Joints and bones together form about 15–18% of Pathology exam marks in Year-2 MBBS and appear frequently in both theory and practicals. This SDL takes you from the immunological storm inside a rheumatoid synovium, through the grinding cartilage loss of osteoarthritis, to the glittering urate crystals of gout — and then anchors those concepts by walking you through the gross and microscopic patterns you must recognise at the microscope table. Read each section actively: pause at the comparison tables, test yourself on the micro-quizzes, and keep asking 'What would I see on the slide?' By the end, you should be able to look at any bone or joint biopsy and generate a differential diagnosis from first principles.

References

  • Robbins & Cotran Pathologic Basis of Disease, 10th ed., Ch. 26 (textbook)

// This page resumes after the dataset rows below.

(* Let $A,A'\in\mathbb{C}^{n\times n}$ with $\|A\|_F=\|A'\|_F=1$, let $v,v'\in\mathbb{C}^n$ be nonzero, and let $\lambda,\lambda'\in\mathbb{C}$ be such that $Av=\lambda v$. Suppose that $\mu(A,\lambda,v)\,\mathrm{dist}((A,\lambda,v),(A',\lambda',v'))\le\frac{\varepsilon}{12.5}$ for some $0<\varepsilon<0.37$. Then $\frac{1}{1+\varepsilon}\mu(A,\lambda,v)\le\mu(A',\lambda',v')\le(1+\varepsilon)\mu(A,\lambda,v)$.
   Context: $\|\cdot\|_F$ is the Frobenius norm. For $v\ne0$, $T_v=\{x\in\mathbb{C}^n:\langle x,v\rangle=0\}$, $P_{v^\perp}$ the orthogonal projection onto $T_v$, $A_{\lambda,v}=P_{v^\perp}(A-\lambda\mathrm{Id})|_{T_v}:T_v\to T_v$, and $\mu(A,\lambda,v)=\|A\|_F\|A_{\lambda,v}^{-1}\|$ (operator norm), with $\mu=\infty$ if $A_{\lambda,v}$ is not invertible. $d_{\mathbb{P}}(v,v')=\arccos(|\langle v,v'\rangle|/(\|v\|\|v'\|))$. For nonzero $A,A'$: $\mathrm{dist}((A,\lambda,v),(A',\lambda',v'))^2=\|\frac{A}{\|A\|_F}-\frac{A'}{\|A'\|_F}\|_F^2+|\frac{\lambda}{\|A\|_F}-\frac{\lambda'}{\|A'\|_F}|^2+d_{\mathbb{P}}(v,v')^2$. *)

theory Defs
  imports "HOL-Analysis.Analysis" "HOL-Library.Extended_Real"
begin

definition cinner :: "complex^'n \<Rightarrow> complex^'n \<Rightarrow> complex" where
  "cinner x y = (\<Sum>i\<in>UNIV. x$i * cnj (y$i))"

definition fro :: "complex^'n^'n \<Rightarrow> real" where
  "fro A = sqrt (\<Sum>i\<in>UNIV. \<Sum>j\<in>UNIV. (cmod (A$i$j))\<^sup>2)"

definition Tperp :: "complex^'n \<Rightarrow> (complex^'n) set" where
  "Tperp v = {x. cinner x v = 0}"

definition proj_perp :: "complex^'n \<Rightarrow> complex^'n \<Rightarrow> complex^'n" where
  "proj_perp v x = x - (cinner x v / cinner v v) *s v"

text \<open>A_{lambda,v} = P_{v perp} (A - lambda Id), considered on T_v.\<close>
definition Alv :: "complex^'n^'n \<Rightarrow> complex \<Rightarrow> complex^'n \<Rightarrow> complex^'n \<Rightarrow> complex^'n" where
  "Alv A l v x = proj_perp v ((A - mat l) *v x)"

definition opnorm_on :: "(complex^'n) set \<Rightarrow> (complex^'n \<Rightarrow> complex^'n) \<Rightarrow> real" where
  "opnorm_on S g = Sup {norm (g y) | y. y \<in> S \<and> norm y \<le> 1}"
lemma caratheodory_eq_ell:
  assumes f: "f \<in> caratheodory" and w: "cmod w < 1"
  obtains g where "cmod g \<le> cmod w" "f w = ell g"
proof -
  have Re_pos: "0 < Re (f z)" if "cmod z < 1" for z
    using f that by (auto simp: caratheodory_def unit_disk_def)
  have nz: "f z + 1 \<noteq> 0" if "cmod z < 1" for z
    using Re_pos[OF that] by (metis add_eq_0_iff2 one_complex.sel(1) uminus_complex.sel(1) neg_less_0_iff_less zero_less_one not_less_iff_gr_or_eq)
  define g where "g = (\<lambda>z. (f z - 1) / (f z + 1))"
  have hol: "g holomorphic_on ball 0 1"
    unfolding g_def using f nz by (auto intro!: holomorphic_intros simp: caratheodory_def unit_disk_def)
  have g0: "g 0 = 0"
    using f by (simp add: g_def caratheodory_def)
  have g_lt: "cmod (g z) < 1" if "cmod z < 1" for z
    using norm_diff_one_less_norm_add_one[OF Re_pos[OF that]] by (simp add: g_def norm_divide divide_less_eq)
  have "cmod (g w) \<le> cmod w"
    using Schwarz_Lemma(1)[OF hol g0 g_lt w] by blast
  moreover have "f w = ell (g w)"
  proof -
    have "1 - g w \<noteq> 0" using g_lt[OF w] by auto
    moreover have "f w * (1 - g w) = 1 + g w" using nz[OF w] by (simp add: g_def field_simps)
    ultimately show ?thesis unfolding ell_def by (simp add: field_simps)
  qed
  ultimately show ?thesis using that by blast
qed

lemma norm_ell_minus_one_le:
  assumes "cmod g \<le> s" "s < 1"
  shows "cmod (ell g - 1) \<le> 2 * s / (1 - s)"
proof -
  have "1 - g \<noteq> 0" using assms by auto
  then have eq: "ell g - 1 = 2 * g / (1 - g)" unfolding ell_def by (simp add: field_simps)
  have "1 - s \<le> cmod (1 - g)" using assms norm_triangle_ineq2[of 1 g] by simp
  moreover have "0 \<le> s" using assms(1) norm_ge_zero[of g] by linarith
  ultimately show ?thesis
    using assms unfolding eq norm_divide norm_mult by (intro frac_le) auto
qed
lemma weighted_phi_one_lower_bound:
  assumes "n \<ge> 1" and "x > 0"
  shows "4 * real n ^ 2 / (4 * real n ^ 2 + 1) * (x / (real n ^ 2 + x\<^sup>2)) \<le> weighted_phi n (\<lambda>_. 1) x"
proof -
  define N c where "N = real n" and "c = 4 * N\<^sup>2 / (4 * N\<^sup>2 + 1)"
  have "N \<noteq> 0" "N\<^sup>2 \<ge> 1"
    using assms(1) by (simp_all add: N_def)
  then have "c \<ge> 0"
    unfolding c_def by (intro divide_nonneg_pos) auto
  have scale: "- 4 * c * y - c * y / N\<^sup>2 = - 4 * y" for y
  proof -
    have "- 4 * c * y - c * y / N\<^sup>2 = - c * y * (4 * N\<^sup>2 + 1) / N\<^sup>2"
      using \<open>N \<noteq> 0\<close> by (simp add: field_simps)
    then show ?thesis
      using \<open>N\<^sup>2 \<ge> 1\<close> \<open>N \<noteq> 0\<close> by (simp add: c_def)
  qed
  have "c * (x / (N\<^sup>2 + x\<^sup>2)) \<le> weighted_phi n (\<lambda>_. 1) x"
  proof (rule halfline_comparison_principle[OF
        DERIV_cmult[OF has_real_derivative_comparison_fun[OF \<open>N \<noteq> 0\<close>]]
        DERIV_cmult[OF has_real_derivative_comparison_fun'[OF \<open>N \<noteq> 0\<close>]]
        has_real_derivative_weighted_phi_one,
        where a = "\<lambda>y. 4 * (N\<^sup>2 + y\<^sup>2)"])
    fix y :: real
    assume "y > 0"
    then show "y\<^sup>2 * weighted_phi n (\<lambda>t. 4 * (sin t)\<^sup>2) y + y * weighted_phi n (\<lambda>t. - 2 * sin t) y
        - 4 * (N\<^sup>2 + y\<^sup>2) * weighted_phi n (\<lambda>_. 1) y
      \<le> y\<^sup>2 * (c * (2 * y * (y\<^sup>2 - 3 * N\<^sup>2) / (N\<^sup>2 + y\<^sup>2) ^ 3)) + y * (c * ((N\<^sup>2 - y\<^sup>2) / (N\<^sup>2 + y\<^sup>2)\<^sup>2))
        - 4 * (N\<^sup>2 + y\<^sup>2) * (c * (y / (N\<^sup>2 + y\<^sup>2)))"
      using abs_bessel_residual_comparison_fun_le[OF \<open>N \<noteq> 0\<close> _ \<open>c \<ge> 0\<close>, of y]
        weighted_phi_bessel_ode[of y n] scale[of y]
      unfolding abs_le_iff N_def by linarith
  qed (use weighted_phi_one_at_0[OF assms(1)] weighted_phi_one_tendsto_0 comparison_fun_tendsto_0
      assms(2) \<open>N \<noteq> 0\<close> in \<open>simp_all add: add_pos_nonneg\<close>)
  then show ?thesis
    by (simp add: N_def c_def)
qed
lemma spread_eq_monomial:
  assumes \<beta>: "composition \<beta>" and len: "length js = length \<beta>" and inc: "sorted_wrt (<) js"
    and pos: "\<forall>j\<in>set js. j \<ge> 1" and m: "spread js \<beta> = m"
  shows "is_monomial m \<and> sorted_list_of_set {x. m x \<noteq> 0} = js \<and> exponents m = \<beta>"
proof -
  have dist: "distinct js" using inc strict_sorted_iff by blast
  have m_nth: "m (js ! j) = \<beta> ! j" if "j < length js" for j
    unfolding m[symmetric] using spread_nth[OF dist len[symmetric] that] .
  have "m x \<noteq> 0 \<longleftrightarrow> x \<in> set js" for x
  proof
    assume "x \<in> set js"
    then obtain j where "j < length js" "x = js ! j" by (metis in_set_conv_nth)
    then show "m x \<noteq> 0" using m_nth \<beta> len nth_mem unfolding composition_def by fastforce
  qed (use spread_outside len m in metis)
  then have supp: "{x. m x \<noteq> 0} = set js" by blast
  have sorted: "sorted_list_of_set {x. m x \<noteq> 0} = js"
    unfolding supp using inc dist by (simp add: sorted_list_of_set.idem_if_sorted_distinct strict_sorted_iff)
  have "is_monomial m" unfolding is_monomial_def using supp pos by fastforce
  moreover have "exponents m = \<beta>"
    unfolding exponents_def sorted using len m_nth by (intro nth_equalityI) auto
  ultimately show ?thesis using sorted by blast
qed

lemma monomial_eq_spread:
  assumes mono: "is_monomial m"
  defines "js \<equiv> sorted_list_of_set {x. m x \<noteq> 0}"
  shows "length js = length (exponents m)" "sorted_wrt (<) js" "\<forall>j\<in>set js. j \<ge> 1"
    "spread js (exponents m) = m"
proof -
  have fin: "finite {x. m x \<noteq> 0}" and m0: "m 0 = 0" using mono unfolding is_monomial_def by auto
  have set_is: "set js = {x. m x \<noteq> 0}" unfolding js_def using fin by simp
  show "length js = length (exponents m)" "sorted_wrt (<) js" 
    unfolding exponents_def js_def by auto
  show "\<forall>j\<in>set js. j \<ge> 1" using set_is m0 by (auto simp: Suc_le_eq intro: gr0I)
  show "spread js (exponents m) = m"
  proof
    fix x
    show "spread js (exponents m) x = m x"
    proof (cases "x \<in> set js")
      case True
      then obtain j where "j < length js" "x = js ! j" by (metis in_set_conv_nth)
      then show ?thesis using spread_nth[of "js" "exponents m" j]
        unfolding exponents_def js_def by simp
    next
      case False
      then show ?thesis using set_is spread_outside[OF False, of "exponents m"]
        unfolding exponents_def js_def by auto
    qed
  qed
qed

lemma M_qsym_eq:
  assumes "composition \<beta>"
  shows "M_qsym \<beta> m = (if is_monomial m \<and> exponents m = \<beta> then 1 else 0)"
proof -
  let ?witness = "\<lambda>js. length js = length \<beta> \<and> sorted_wrt (<) js \<and> (\<forall>j\<in>set js. j \<ge> 1) \<and>
                          spread js \<beta> = m"
  have "{js. ?witness js}
      = (if is_monomial m \<and> exponents m = \<beta> then {sorted_list_of_set {x. m x \<noteq> 0}} else {})"
  proof (cases "is_monomial m \<and> exponents m = \<beta>")
    case True
    then have "?witness (sorted_list_of_set {x. m x \<noteq> 0})"
      using monomial_eq_spread[of m] by blast
    moreover have "js = sorted_list_of_set {x. m x \<noteq> 0}" if "?witness js" for "js"
      using spread_eq_monomial[OF assms, of js m] that by blast
    ultimately show ?thesis using True by auto
  next
    case False
    have "\<not> ?witness js" for "js"
      using spread_eq_monomial[OF assms, of js m] False by blast
    then show ?thesis using False by auto
  qed
  then show ?thesis unfolding M_qsym_def spread_def by (simp add: eq_commute[of m])
qed

lemma shift1_eq:
  "shift1 G m = (if is_monomial m \<and> exponents m \<noteq> [] \<and> last (exponents m) = 1
                 then G (comp_monomial (butlast (exponents m))) else 0)"
proof -
  define e where "e = exponents m"
  have snoc: "composition (\<alpha> @ [1]) \<longleftrightarrow> composition \<alpha>" for \<alpha>
    by (auto simp: composition_def)
  have M: "composition \<alpha> \<Longrightarrow> M_qsym (\<alpha> @ [1]) m = (if is_monomial m \<and> e = \<alpha> @ [1] then 1 else 0)"
    for \<alpha> using M_qsym_eq[of "\<alpha> @ [1]" m] snoc unfolding e_def by simp
  show ?thesis
  proof (cases "is_monomial m \<and> e \<noteq> [] \<and> last e = 1")
    case True
    then have e: "e = butlast e @ [1]" by (metis append_butlast_last_id)
    have comp: "composition (butlast e)"
      using composition_exponents[of m] snoc e unfolding e_def by metis
    have M1: "M_qsym (butlast e @ [1]) m = 1" using M[OF comp] True e by simp
    have "{\<alpha>. composition \<alpha> \<and> M_qsym (\<alpha> @ [1]) m \<noteq> 0} = {butlast e}"
    proof (intro set_eqI iffI)
      fix \<alpha> assume "\<alpha> \<in> {\<alpha>. composition \<alpha> \<and> M_qsym (\<alpha> @ [1]) m \<noteq> 0}"
      then have "e = \<alpha> @ [1]" using M by (auto split: if_splits)
      then show "\<alpha> \<in> {butlast e}" by simp
    qed (use comp M1 in auto)
    then show ?thesis using True M1 unfolding shift1_def e_def[symmetric] by simp
  next
    case False
    then have "e \<noteq> \<alpha> @ [1] \<or> \<not> is_monomial m" for \<alpha> by auto
    then have "{\<alpha>. composition \<alpha> \<and> M_qsym (\<alpha> @ [1]) m \<noteq> 0} = {}" using M by auto
    then show ?thesis using False unfolding shift1_def e_def[symmetric] by auto
  qed
qed

definition colorings_of :: "nat set \<Rightarrow> (nat \<Rightarrow> nat \<Rightarrow> bool) \<Rightarrow> (nat \<Rightarrow> nat) \<Rightarrow> (nat \<Rightarrow> nat) set" where
  "colorings_of V E m = {col. ordered_coloring V E col \<and> (\<forall>i. m i = card {v\<in>V. col v = i})}"

lemma F_graph_card: "F_graph V E m = int (card (colorings_of V E m))"
  unfolding F_graph_def colorings_of_def ..

lemma ordered_coloring_strict_mono_comp:
  fixes f :: "nat \<Rightarrow> nat"
  assumes mono: "strict_mono f" and f0: "f 0 = 0"
  shows "ordered_coloring V E (f \<circ> col) \<longleftrightarrow> ordered_coloring V E col"
proof -
  have zero: "f x = 0 \<longleftrightarrow> x = 0" for x using strict_mono_eq[OF mono, of x 0] f0 by simp
  then have pos: "Suc 0 \<le> f x \<longleftrightarrow> Suc 0 \<le> x" for x by (metis not_less_eq_eq le_0_eq)
  have below: "{v\<in>V. f (col v) < f (col u)} = {v\<in>V. col v < col u}" for u
    using strict_mono_less[OF mono] by simp
  show ?thesis unfolding ordered_coloring_def comp_def below
    by (simp add: zero pos strict_mono_eq[OF mono])
qed

(* F_\<Gamma> is invariant under order-preserving relabelling of the variables: recolouring
   by a strictly monotone f is a bijection between the relevant colourings. *)
lemma F_graph_reindex:
  fixes f :: "nat \<Rightarrow> nat"
  assumes fin: "finite V" and mono: "strict_mono f" and f0: "f 0 = 0"
    and supp: "\<And>y. m y \<noteq> 0 \<Longrightarrow> y \<in> range f"
  shows "F_graph V E (m \<circ> f) = F_graph V E m"
proof -
  have inj: "inj f" using mono strict_mono_imp_inj_on by blast
  have count: "card {v\<in>V. f (col v) = f x} = card {v\<in>V. col v = x}" for col x
    using inj by (simp add: inj_eq)
  have "bij_betw (\<lambda>col. f \<circ> col) (colorings_of V E (m \<circ> f)) (colorings_of V E m)"
  proof (rule bij_betw_imageI)
    show "inj_on (\<lambda>col. f \<circ> col) (colorings_of V E (m \<circ> f))"
      using inj by (intro inj_onI) (simp add: fun_eq_iff inj_eq)
    show "(\<lambda>col. f \<circ> col) ` colorings_of V E (m \<circ> f) = colorings_of V E m"
    proof (intro equalityI subsetI)
      fix col' assume "col' \<in> (\<lambda>col. f \<circ> col) ` colorings_of V E (m \<circ> f)"
      then obtain col where col': "col' = f \<circ> col" and col: "col \<in> colorings_of V E (m \<circ> f)"
        by blast
      have "m i = card {v\<in>V. col' v = i}" for i
      proof (cases "i \<in> range f")
        case True
        then obtain x where i: "i = f x" by blast
        have "m (f x) = card {v\<in>V. col v = x}" using col unfolding colorings_of_def by simp
        then show ?thesis unfolding i col' comp_def count .
      next
        case False
        then have "m i = 0" "{v\<in>V. col' v = i} = {}" using supp unfolding col' by auto
        then show ?thesis by (metis card.empty)
      qed
      then show "col' \<in> colorings_of V E m"
        using col ordered_coloring_strict_mono_comp[OF mono f0] unfolding col' colorings_of_def by auto
    next
      fix col assume col: "col \<in> colorings_of V E m"
      have "col v \<in> range f" for v
      proof (cases "v \<in> V")
        case True
        have "m (col v) = card {v'\<in>V. col v' = col v}"
          using col unfolding colorings_of_def by blast
        moreover have "card {v'\<in>V. col v' = col v} \<noteq> 0" using fin True by auto
        ultimately show ?thesis using supp by metis
      next
        case False
        then have "col v = 0" using col unfolding colorings_of_def ordered_coloring_def by blast
        then show ?thesis using f0 by (metis rangeI)
      qed
      then have col_eq: "f \<circ> (inv f \<circ> col) = col" by (auto simp: fun_eq_iff f_inv_into_f)
      have "ordered_coloring V E (inv f \<circ> col)"
        using col ordered_coloring_strict_mono_comp[OF mono f0, of V E "inv f \<circ> col"]
        unfolding col_eq colorings_of_def by blast
      moreover have "(m \<circ> f) i = card {v\<in>V. (inv f \<circ> col) v = i}" for i
      proof -
        have "(m \<circ> f) i = card {v\<in>V. (f \<circ> (inv f \<circ> col)) v = f i}"
          using col unfolding col_eq colorings_of_def by simp
        then show ?thesis using count[of "inv f \<circ> col" i] by simp
      qed
      ultimately have "inv f \<circ> col \<in> colorings_of V E (m \<circ> f)"
        unfolding colorings_of_def by blast
      then show "col \<in> (\<lambda>col. f \<circ> col) ` colorings_of V E (m \<circ> f)"
        using col_eq by (metis image_eqI)
    qed
  qed
  then show ?thesis unfolding F_graph_card by (simp add: bij_betw_same_card)
qed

Version 2.0 | NMC CBUC 2024

CLINICAL SCENARIO

A 42-year-old woman presents with morning stiffness lasting more than an hour, symmetric swelling of her metacarpophalangeal and proximal interphalangeal joints, and a positive anti-CCP antibody. Her neighbour — a 68-year-old retired farmer — has bony, pain-free swellings at his distal interphalangeal joints that have grown slowly over decades. A third patient, a 55-year-old man with chronic kidney disease, is rushed in at midnight with a red-hot, agonisingly tender first metatarsophalangeal joint.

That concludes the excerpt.